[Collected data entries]
◆ ◆ ◆ ◆
text \<open>Elements of \<open>\<hat>G\<close> are represented by irreducible unitary representations (dimension, map);
  equivalence of representations:\<close>
definition equiv_rep :: "('g, 'b) monoid_scheme \<Rightarrow> nat \<times> ('g \<Rightarrow> complex mat)
     \<Rightarrow> nat \<times> ('g \<Rightarrow> complex mat) \<Rightarrow> bool" where
  "equiv_rep G lam mu \<longleftrightarrow> fst lam = fst mu \<and>
     (\<exists>P Q. P \<in> carrier_mat (fst lam) (fst lam) \<and> Q \<in> carrier_mat (fst lam) (fst lam) \<and>
        P * Q = 1\<^sub>m (fst lam) \<and> Q * P = 1\<^sub>m (fst lam) \<and>
        (\<forall>g\<in>carrier G. P * snd lam g = snd mu g * P))"

definition irreps :: "('g, 'b) monoid_scheme \<Rightarrow> (nat \<times> ('g \<Rightarrow> complex mat)) set" where
  "irreps G = {(d, \<sigma>). irreducible_rep G d \<sigma>}"

definition isotypic :: "('g, 'b) monoid_scheme \<Rightarrow> nat \<Rightarrow> ('g \<Rightarrow> complex mat)
     \<Rightarrow> nat \<times> ('g \<Rightarrow> complex mat) \<Rightarrow> complex vec set" where
  "isotypic G m \<rho> lam = span_in m
     {\<Phi> *\<^sub>v v | \<Phi> v. \<Phi> \<in> carrier_mat m (fst lam) \<and> v \<in> carrier_vec (fst lam) \<and>
         (\<forall>g\<in>carrier G. \<rho> g * \<Phi> = \<Phi> * snd lam g)}"

text \<open>Kronecker (tensor) products; C^m \<otimes> C^n = C^(m*n), index (i,k) \<mapsto> i*n+k.\<close>
definition kron :: "complex mat \<Rightarrow> complex mat \<Rightarrow> complex mat" where
  "kron A B = mat (dim_row A * dim_row B) (dim_col A * dim_col B)
     (\<lambda>(i,j). A $$ (i div dim_row B, j div dim_col B) * B $$ (i mod dim_row B, j mod dim_col B))"

definition kron_vec :: "complex vec \<Rightarrow> complex vec \<Rightarrow> complex vec" where
  "kron_vec u v = vec (dim_vec u * dim_vec v) (\<lambda>i. u $ (i div dim_vec v) * v $ (i mod dim_vec v))"

definition tensor_sub :: "nat \<Rightarrow> nat \<Rightarrow> complex vec set \<Rightarrow> complex vec set \<Rightarrow> complex vec set" where
  "tensor_sub m n S T = span_in (m * n) {kron_vec u v | u v. u \<in> S \<and> v \<in> T}"

definition diag_isotypic :: "('g, 'b) monoid_scheme \<Rightarrow> nat \<Rightarrow> ('g \<Rightarrow> complex mat)
     \<Rightarrow> nat \<Rightarrow> ('g \<Rightarrow> complex mat) \<Rightarrow> complex vec set" where
  "diag_isotypic G m \<rho>A n \<rho>B =
     span_in (m * n) (\<Union>lam\<in>irreps G. tensor_sub m n (isotypic G m \<rho>A lam) (isotypic G n \<rho>B lam))"

definition ker_mat :: "nat \<Rightarrow> complex mat \<Rightarrow> complex vec set" where
  "ker_mat d K = {v \<in> carrier_vec d. K *\<^sub>v v = 0\<^sub>v d}"

definition End_G :: "('g, 'b) monoid_scheme \<Rightarrow> nat \<Rightarrow> ('g \<Rightarrow> complex mat) \<Rightarrow> complex mat set" where
  "End_G G d \<rho> = {T \<in> carrier_mat d d. \<forall>g\<in>carrier G. T * \<rho> g = \<rho> g * T}"

text \<open>Group algebra C[G] as functions carrier G \<rightarrow> C with convolution; its centre.\<close>
definition conv :: "('g, 'b) monoid_scheme \<Rightarrow> ('g \<Rightarrow> complex) \<Rightarrow> ('g \<Rightarrow> complex) \<Rightarrow> 'g \<Rightarrow> complex" where
  "conv G x y g = (\<Sum>h\<in>carrier G. x h * y (inv\<^bsub>G\<^esub> h \<otimes>\<^bsub>G\<^esub> g))"

definition group_alg_center :: "('g, 'b) monoid_scheme \<Rightarrow> ('g \<Rightarrow> complex) set" where
  "group_alg_center G = {z. \<forall>x. \<forall>g\<in>carrier G. conv G z x g = conv G x z g}"

definition rep_alg :: "('g, 'b) monoid_scheme \<Rightarrow> nat \<Rightarrow> ('g \<Rightarrow> complex mat) \<Rightarrow> ('g \<Rightarrow> complex) \<Rightarrow> complex mat" where
  "rep_alg G d \<rho> z = mat d d (\<lambda>(i,j). \<Sum>g\<in>carrier G. z g * \<rho> g $$ (i,j))"

end

(* If T_A u = a u and T_B v = b v, then K (u \<otimes> v) = (a - b) (u \<otimes> v). Commutation of K with
   \<rho>_A(g) \<otimes> \<rho>_B(g) is the mixed-product rule for Kronecker products, and K_G \<subseteq> ker K because K
   kills u \<otimes> v whenever u and v lie in \<lambda>-components on which T_A and T_B act by the same scalar.

   For the converse, unitarity gives complete reducibility: the orthogonal complement of the sum of
   the isotypic components is invariant, and a nonzero invariant subspace contains an irreducible
   one, namely an invariant subspace of least positive dimension. Hence C^m \<otimes> C^n is spanned by
   vectors u \<otimes> v with u \<in> H_A^\<lambda>, v \<in> H_B^\<mu>, eigenvectors of K for the eigenvalue \<alpha>_\<lambda> - \<alpha>_\<mu>.
   If K x = 0, the polynomial \<Prod>(I - K/c) over the nonzero eigenvalues c fixes x and kills all
   these eigenvectors with c \<noteq> 0, so x is a combination of those with \<alpha>_\<lambda> = \<alpha>_\<mu>; by injectivity
   of \<alpha> then \<lambda> \<cong> \<mu>, and such u \<otimes> v lie in K_G. *)

theory Submission
  imports Defs "Jordan_Normal_Form.Determinant"
begin

lemma eq_if_minus_vec_eq_0:
  fixes x y :: "complex vec"
  assumes "x \<in> carrier_vec d" "y \<in> carrier_vec d" "x - y = 0\<^sub>v d"
  shows "x = y"
proof (rule eq_vecI)
  fix i assume "i < dim_vec y"
  then have "x $ i - y $ i = (x - y) $ i" using assms(2) by simp
  also have "\<dots> = 0" using assms(3) \<open>i < dim_vec y\<close> assms(2) by simp
  finally show "x $ i = y $ i" by simp
qed (use assms in auto)

lemma zero_smult_vec[simp]: "v \<in> carrier_vec n \<Longrightarrow> 0 \<cdot>\<^sub>v v = (0\<^sub>v n :: complex vec)"
  by (intro eq_vecI) auto

lemma mult_mat_zero_vec: "A \<in> carrier_mat n d \<Longrightarrow> A *\<^sub>v 0\<^sub>v d = 0\<^sub>v n"
  by (intro eq_vecI) (auto simp: scalar_prod_def)

lemma smult_one_mat_mult_vec:
  fixes v :: "complex vec"
  assumes "v \<in> carrier_vec d"
  shows "(c \<cdot>\<^sub>m 1\<^sub>m d) *\<^sub>v v = c \<cdot>\<^sub>v v"
proof -
  have e: "\<And>l i. c * (if l = i then 1 else 0) * v $ l = (if l = i then c * v $ l else 0)" by simp
  show ?thesis using assms by (intro eq_vecI) (auto simp: scalar_prod_def unit_vec_def e)
qed

lemma mat_mult_unit_vec_index:
  fixes A :: "complex mat"
  assumes "A \<in> carrier_mat n k" "j < k" "i < n"
  shows "(A *\<^sub>v unit_vec k j) $ i = A $$ (i,j)"
proof -
  have "\<And>l. A $$ (i, l) * (if l = j then 1 else 0) = (if l = j then A $$ (i,l) else 0)" by simp
  then have "(A *\<^sub>v unit_vec k j) $ i = (\<Sum>l\<in>{0..<k}. if l = j then A $$ (i,l) else 0)"
    using assms by (auto simp: scalar_prod_def unit_vec_def row_def)
  then show ?thesis using assms by simp
qed

lemma mat_eq_by_mult_vec:
  fixes A B :: "complex mat"
  assumes A: "A \<in> carrier_mat n k" and B: "B \<in> carrier_mat n k"
    and eq: "\<And>y. y \<in> carrier_vec k \<Longrightarrow> A *\<^sub>v y = B *\<^sub>v y"
  shows "A = B"
proof (rule eq_matI)
  fix i j assume "i < dim_row B" "j < dim_col B"
  then have i: "i < n" and j: "j < k" using B by auto
  show "A $$ (i,j) = B $$ (i,j)"
    using mat_mult_unit_vec_index[OF A j i] mat_mult_unit_vec_index[OF B j i] eq[of "unit_vec k j"] by simp
qed (use A B in auto)

lemma subspace_zero: "is_subspace d W \<Longrightarrow> 0\<^sub>v d \<in> W"
  unfolding is_subspace_def by auto

lemma subspace_add: "is_subspace d W \<Longrightarrow> u \<in> W \<Longrightarrow> v \<in> W \<Longrightarrow> u + v \<in> W"
  unfolding is_subspace_def by auto

lemma subspace_smult: "is_subspace d W \<Longrightarrow> u \<in> W \<Longrightarrow> c \<cdot>\<^sub>v u \<in> W"
  unfolding is_subspace_def by auto

lemma subspace_carrier: "is_subspace d W \<Longrightarrow> u \<in> W \<Longrightarrow> u \<in> carrier_vec d"
  unfolding is_subspace_def by auto

lemma subspace_minus:
  assumes "is_subspace d W" "u \<in> W" "v \<in> W"
  shows "u - v \<in> W"
proof -
  have "u - v = u + (-1) \<cdot>\<^sub>v v"
    using subspace_carrier[OF assms(1,2)] subspace_carrier[OF assms(1,3)] by auto
  then show ?thesis using assms subspace_add subspace_smult by metis
qed

lemma is_subspace_carrier_vec: "is_subspace d (carrier_vec d)"
  unfolding is_subspace_def by auto

lemma is_subspace_zero_vec: "is_subspace d {0\<^sub>v d}"
  unfolding is_subspace_def by auto

lemma is_subspace_linear_preimage:
  assumes T: "is_subspace d' T"
    and add: "\<And>x y. x \<in> carrier_vec d \<Longrightarrow> y \<in> carrier_vec d \<Longrightarrow> f (x + y) = f x + f y"
    and smult: "\<And>c x. x \<in> carrier_vec d \<Longrightarrow> f (c \<cdot>\<^sub>v x) = c \<cdot>\<^sub>v f x"
    and zero: "f (0\<^sub>v d) = 0\<^sub>v d'"
  shows "is_subspace d {x \<in> carrier_vec d. f x \<in> T}"
  unfolding is_subspace_def
  using subspace_zero[OF T] subspace_add[OF T] subspace_smult[OF T] add smult zero by auto

lemma is_subspace_mat_preimage:
  assumes "A \<in> carrier_mat n d" "is_subspace n W"
  shows "is_subspace d {x \<in> carrier_vec d. A *\<^sub>v x \<in> W}"
  by (rule is_subspace_linear_preimage[OF assms(2)])
    (use assms(1) in \<open>auto simp: mult_add_distrib_mat_vec mult_mat_vec mult_mat_zero_vec\<close>)

lemma is_subspace_ker_mat: "K \<in> carrier_mat d d \<Longrightarrow> is_subspace d (ker_mat d K)"
  unfolding ker_mat_def using is_subspace_mat_preimage[OF _ is_subspace_zero_vec, of K d d] by simp

lemma is_subspace_eigenspace:
  assumes A: "A \<in> carrier_mat d d"
  shows "is_subspace d {x \<in> carrier_vec d. A *\<^sub>v x = c \<cdot>\<^sub>v x}"
  unfolding is_subspace_def
proof (intro conjI ballI allI)
  show "0\<^sub>v d \<in> {x \<in> carrier_vec d. A *\<^sub>v x = c \<cdot>\<^sub>v x}" using A by (auto simp: mult_mat_zero_vec)
  fix u v assume u: "u \<in> {x \<in> carrier_vec d. A *\<^sub>v x = c \<cdot>\<^sub>v x}" and v: "v \<in> {x \<in> carrier_vec d. A *\<^sub>v x = c \<cdot>\<^sub>v x}"
  have "A *\<^sub>v (u + v) = c \<cdot>\<^sub>v u + c \<cdot>\<^sub>v v" using u v A by (simp add: mult_add_distrib_mat_vec)
  also have "\<dots> = c \<cdot>\<^sub>v (u + v)" using u v by (intro smult_add_distrib_vec[symmetric]) auto
  finally show "u + v \<in> {x \<in> carrier_vec d. A *\<^sub>v x = c \<cdot>\<^sub>v x}" using u v by auto
next
  fix a u assume u: "u \<in> {x \<in> carrier_vec d. A *\<^sub>v x = c \<cdot>\<^sub>v x}"
  have "A *\<^sub>v (a \<cdot>\<^sub>v u) = c \<cdot>\<^sub>v (a \<cdot>\<^sub>v u)" using u A by (auto simp: mult_mat_vec smult_smult_assoc mult.commute)
  then show "a \<cdot>\<^sub>v u \<in> {x \<in> carrier_vec d. A *\<^sub>v x = c \<cdot>\<^sub>v x}" using u by auto
qed auto

lemma subspace_lincomb:
  assumes W: "is_subspace d W" and "finite J" and "\<forall>j\<in>J. f j \<in> W"
  shows "vec d (\<lambda>i. \<Sum>j\<in>J. c j * f j $ i) \<in> W"
  using assms(2,3)
proof (induction J rule: finite_induct)
  case empty
  have "vec d (\<lambda>i. \<Sum>j\<in>{}. c j * f j $ i) = 0\<^sub>v d" by auto
  then show ?case using subspace_zero[OF W] by simp
next
  case (insert x F)
  have fx: "f x \<in> carrier_vec d" using insert subspace_carrier[OF W] by auto
  have "vec d (\<lambda>i. \<Sum>j\<in>insert x F. c j * f j $ i) = c x \<cdot>\<^sub>v f x + vec d (\<lambda>i. \<Sum>j\<in>F. c j * f j $ i)"
    using insert fx by auto
  then show ?case using insert subspace_add[OF W] subspace_smult[OF W] by auto
qed

lemma span_in_superset: "S \<subseteq> span_in d S"
  unfolding span_in_def by auto

lemma span_in_least: "is_subspace d W \<Longrightarrow> S \<subseteq> W \<Longrightarrow> span_in d S \<subseteq> W"
  unfolding span_in_def by auto

lemma is_subspace_span_in:
  assumes "S \<subseteq> carrier_vec d"
  shows "is_subspace d (span_in d S)"
proof -
  have "carrier_vec d \<in> {W. is_subspace d W \<and> S \<subseteq> W}"
    using assms is_subspace_carrier_vec by auto
  then show ?thesis unfolding is_subspace_def span_in_def by (auto simp: is_subspace_def)
qed

lemma span_in_carrier: "S \<subseteq> carrier_vec d \<Longrightarrow> span_in d S \<subseteq> carrier_vec d"
  using is_subspace_span_in unfolding is_subspace_def by blast

lemma span_in_mono:
  assumes "S1 \<subseteq> span_in d S2" "S2 \<subseteq> carrier_vec d"
  shows "span_in d S1 \<subseteq> span_in d S2"
  using span_in_least[OF is_subspace_span_in[OF assms(2)] assms(1)] .
lemma class_R1_unique_simple_pole_normal_form:
  assumes R1: "class_R1 N"
    and unique: "\<exists>!z0. z0 \<in> strip_S0 \<and> is_pole N z0"
    and simple: "\<forall>z0\<in>strip_S0. is_pole N z0 \<longrightarrow> zorder N z0 = -1"
  obtains a b w0 where "w0 \<noteq> 0" "a + b * w0 \<noteq> 0" "\<forall>\<^sub>\<approx>z. N z = R1_mobius_map a b w0 z"
proof -
  obtain p q :: "complex poly" where q: "q \<noteq> 0" "coprime p q" "poly q 0 \<noteq> 0"
    "degree p \<le> degree q" "\<exists>w. poly q w = 0"
    and N: "\<forall>\<^sub>\<approx>z. N z = z + poly p (exp_2pii z) / poly q (exp_2pii z)"
    using R1 unfolding class_R1_def by blast
  define lift where "lift w = Ln w / (2 * pi * \<i>)" for w
  have lift: "lift w \<in> strip_S0" "exp_2pii (lift w) = w" if "poly q w = 0" for w
    using that q(3) unfolding lift_def by (metis Ln_div_2pii_in_strip_S0 exp_2pii_Ln)+
  have pole: "is_pole N (lift w)" "zorder N (lift w) = - int (order w q)" if "poly q w = 0" for w
    using R1_map_pole_over_root[OF N q(1,2) that lift(2)[OF that]] by blast+
  obtain w0 where w0: "poly q w0 = 0"
    using q(5) by blast
  have single_root: "w = w0" if "poly q w = 0" for w
    using unique lift[OF that] lift[OF w0] pole[OF that] pole[OF w0] by metis
  have "order w0 q = 1"
    using simple lift[OF w0] pole[OF w0] by simp
  then obtain c where "c \<noteq> 0" and "q = smult c [:-w0, 1:]"
    using poly_eq_smult_power_if_unique_root[OF q(1) single_root] by (metis power_one_right)
  then have poly_q: "poly q w = c * (w - w0)" and "degree q = 1" for w
    by (simp_all add: algebra_simps)
  define a b where "a = coeff p 0 / c" and "b = coeff p 1 / c"
  have poly_p: "poly p w = c * (a + b * w)" for w
    using poly_eq_linear_if_degree_le_1[of p w] q(4) \<open>degree q = 1\<close> \<open>c \<noteq> 0\<close>
    by (simp add: a_def b_def algebra_simps)
  show ?thesis
  proof
    show "w0 \<noteq> 0"
      using w0 q(3) by auto
    show "a + b * w0 \<noteq> 0"
      using coprime_poly_0[OF q(2), of w0] w0 poly_p by simp
    show "\<forall>\<^sub>\<approx>z. N z = R1_mobius_map a b w0 z"
      using N by eventually_elim (simp add: R1_mobius_map_def poly_p poly_q \<open>c \<noteq> 0\<close>)
  qed
qed

section \<open>Newton maps of the model functions\<close>

lemma newton_map_F_beta:
  assumes "\<beta> \<noteq> 0"
  shows "newton_map (F_beta \<beta>) z = z + \<beta> / (1 + exp_2pii z)"
proof -
  have "(F_beta \<beta> has_field_derivative - F_beta \<beta> z * (1 + exp_2pii z) / \<beta>) (at z)"
    unfolding F_beta_def using assms by (auto intro!: derivative_eq_intros simp: field_simps)
  then have d: "deriv (F_beta \<beta>) z = - F_beta \<beta> z * (1 + exp_2pii z) / \<beta>"
    by (rule DERIV_imp_deriv)
  have "F_beta \<beta> z \<noteq> 0"
    by (simp add: F_beta_def)
  then have "deriv (F_beta \<beta>) z / F_beta \<beta> z = - (1 + exp_2pii z) / \<beta>"
    unfolding d using assms by (simp add: field_simps)
  then have "F_beta \<beta> z / deriv (F_beta \<beta>) z = - \<beta> / (1 + exp_2pii z)"
    by (metis inverse_divide minus_divide_left minus_divide_right)
  then show ?thesis
    unfolding newton_map_def by simp
qed

lemma newton_map_F_alpha_m_sin_cos:
  fixes \<alpha> z :: complex
  assumes "m \<ge> 1"
  shows "newton_map (F_alpha_m \<alpha> m) z
    = z - sin (pi * z) / (of_nat m * (\<alpha> * sin (pi * z) + pi * cos (pi * z)))"
proof -
  define s c e where "s = sin (pi * z)" and "c = cos (pi * z)" and "e = exp (\<alpha> * z)"
  have du: "((\<lambda>z. exp (\<alpha> * z) * sin (pi * z)) has_field_derivative e * (\<alpha> * s + pi * c)) (at z)"
    unfolding s_def c_def e_def by (auto intro!: derivative_eq_intros simp: algebra_simps)
  then have "(F_alpha_m \<alpha> m has_field_derivative
      of_nat m * (e * s) ^ (m - 1) * (e * (\<alpha> * s + pi * c))) (at z)"
    unfolding F_alpha_m_def using DERIV_power[OF du, of m] by (simp add: s_def e_def mult_ac)
  then have d: "deriv (F_alpha_m \<alpha> m) z = of_nat m * (e * s) ^ (m - 1) * (e * (\<alpha> * s + pi * c))"
    by (rule DERIV_imp_deriv)
  have F: "F_alpha_m \<alpha> m z = (e * s) ^ (m - 1) * (e * s)"
    using assms by (cases m) (simp_all add: F_alpha_m_def s_def e_def mult.commute)
  have "e \<noteq> 0"
    by (simp add: e_def)
  have "F_alpha_m \<alpha> m z / deriv (F_alpha_m \<alpha> m) z = s / (of_nat m * (\<alpha> * s + pi * c))"
  proof (cases "s = 0 \<or> \<alpha> * s + pi * c = 0")
    case True
    \<comment> \<open>both sides are 0, thanks to x / 0 = 0; so the identity holds at every z\<close>
    then show ?thesis
      unfolding F d by auto
  next
    case False
    then have "(e * s) ^ (m - 1) \<noteq> 0"
      using \<open>e \<noteq> 0\<close> by simp
    then have "F_alpha_m \<alpha> m z / deriv (F_alpha_m \<alpha> m) z
        = (e * s) / (of_nat m * (e * (\<alpha> * s + pi * c)))"
      unfolding F d by (simp add: mult.assoc)
    then show ?thesis
      using \<open>e \<noteq> 0\<close> by simp
  qed
  then show ?thesis
    unfolding newton_map_def s_def c_def by simp
qed

lemma newton_map_F_alpha_m:
  fixes \<alpha> z :: complex
  assumes "m \<ge> 1"
  shows "newton_map (F_alpha_m \<alpha> m) z
    = z - (exp_2pii z - 1) / (of_nat m * ((\<alpha> + pi * \<i>) * exp_2pii z + (pi * \<i> - \<alpha>)))"
proof -
  define s c u where "s = sin (pi * z)" and "c = cos (pi * z)" and "u = exp (\<i> * (pi * z))"
  have "u \<noteq> 0"
    by (simp add: u_def)
  have s_u: "s = (u\<^sup>2 - 1) / (2 * \<i> * u)" and c_u: "c = (u\<^sup>2 + 1) / (2 * u)"
    unfolding s_def c_def u_def sin_exp_eq cos_exp_eq
    by (simp_all add: exp_minus field_simps power2_eq_square exp_add[symmetric])
  have E_u: "exp_2pii z = u\<^sup>2"
    unfolding u_def by (simp add: exp_double[symmetric] mult_ac)
  define D where "D = of_nat m * ((\<alpha> + pi * \<i>) * u\<^sup>2 + (pi * \<i> - \<alpha>))"
  have den: "of_nat m * (\<alpha> * s + pi * c) = D / (2 * \<i> * u)"
    unfolding s_u c_u D_def using \<open>u \<noteq> 0\<close> by (simp add: field_simps power2_eq_square)
  have "s / (of_nat m * (\<alpha> * s + pi * c)) = ((u\<^sup>2 - 1) / (2 * \<i> * u)) / (D / (2 * \<i> * u))"
    unfolding den by (simp only: s_u)
  also have "\<dots> = (u\<^sup>2 - 1) / D"
    using \<open>u \<noteq> 0\<close> by (cases "D = 0") (simp_all add: field_simps)
  finally show ?thesis
    unfolding newton_map_F_alpha_m_sin_cos[OF assms] D_def E_u s_def c_def by simp
qed

section \<open>Conjugacy to the models\<close>

lemma eventually_cosparse_compose:
  assumes "\<And>x. filterlim g (at (g x)) (at x)" "\<forall>\<^sub>\<approx>y. P y"
  shows "\<forall>\<^sub>\<approx>x. P (g x)"
  using assms eventually_compose_filterlim by (simp add: eventually_cosparse_open_eq) blast

lemma filterlim_affine_at:
  fixes a b :: "'a::real_normed_field"
  assumes "a \<noteq> 0"
  shows "filterlim (\<lambda>z. a * z + b) (at (a * x + b)) (at x)"
  by (intro filterlim_atI tendsto_intros eventually_mono[OF eventually_neq_at_within[of x x UNIV]])
     (use assms in auto)

lemma conformally_conjugateI:
  assumes "a \<noteq> 0" "\<forall>\<^sub>\<approx>z. N z = G z" "\<And>z. G (a * z + b) = a * M z + b"
  shows "conformally_conjugate N M"
  unfolding conformally_conjugate_def
proof (intro exI conjI)
  show "\<forall>\<^sub>\<approx>z. N (a * z + b) = a * M z + b"
    using eventually_cosparse_compose[OF filterlim_affine_at[OF assms(1), of b] assms(2)]
    by (simp add: assms(3))
qed (fact assms(1))

lemma newton_map_R1_mobius_logderiv:
  fixes F :: "complex \<Rightarrow> complex"
  assumes N: "\<forall>\<^sub>\<approx>z. newton_map F z = R1_mobius_map a b w0 z"
    and b: "b \<noteq> 0" and z1: "exp_2pii z1 = - a / b"
  shows "\<forall>\<^sub>F z in at z1. F z \<noteq> 0 \<and>
    (z - z1) * deriv F z / F z = - (exp_2pii z - w0) / b * ((z - z1) / (exp_2pii z - exp_2pii z1))"
  using eventually_cosparse_imp_eventually_at[OF N UNIV_I]
    eventually_exp_2pii_neq[of w0 z1] eventually_exp_2pii_neq[of "exp_2pii z1" z1]
proof eventually_elim
  case (elim z)
  have num: "a + b * w = b * (w - exp_2pii z1)" for w
    using z1 b by (simp add: field_simps)
  have "F z / deriv F z = z - newton_map F z"
    by (simp add: newton_map_def)
  also have "\<dots> = - (b * (exp_2pii z - exp_2pii z1) / (exp_2pii z - w0))"
    using elim(1) by (simp add: R1_mobius_map_def num)
  finally have quot: "F z / deriv F z = - (b * (exp_2pii z - exp_2pii z1) / (exp_2pii z - w0))" .
  then have "F z \<noteq> 0"
    using elim(2,3) b by auto
  moreover have "(z - z1) * deriv F z / F z = (z - z1) * inverse (F z / deriv F z)"
    by simp
  ultimately show ?case
    unfolding quot using elim(2,3) b by (simp add: field_simps)
qed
◆ ◆ ◆ ◆
Activity:
Nothing but a number should be given: the count of lines above that hold "thesis".

Result:
10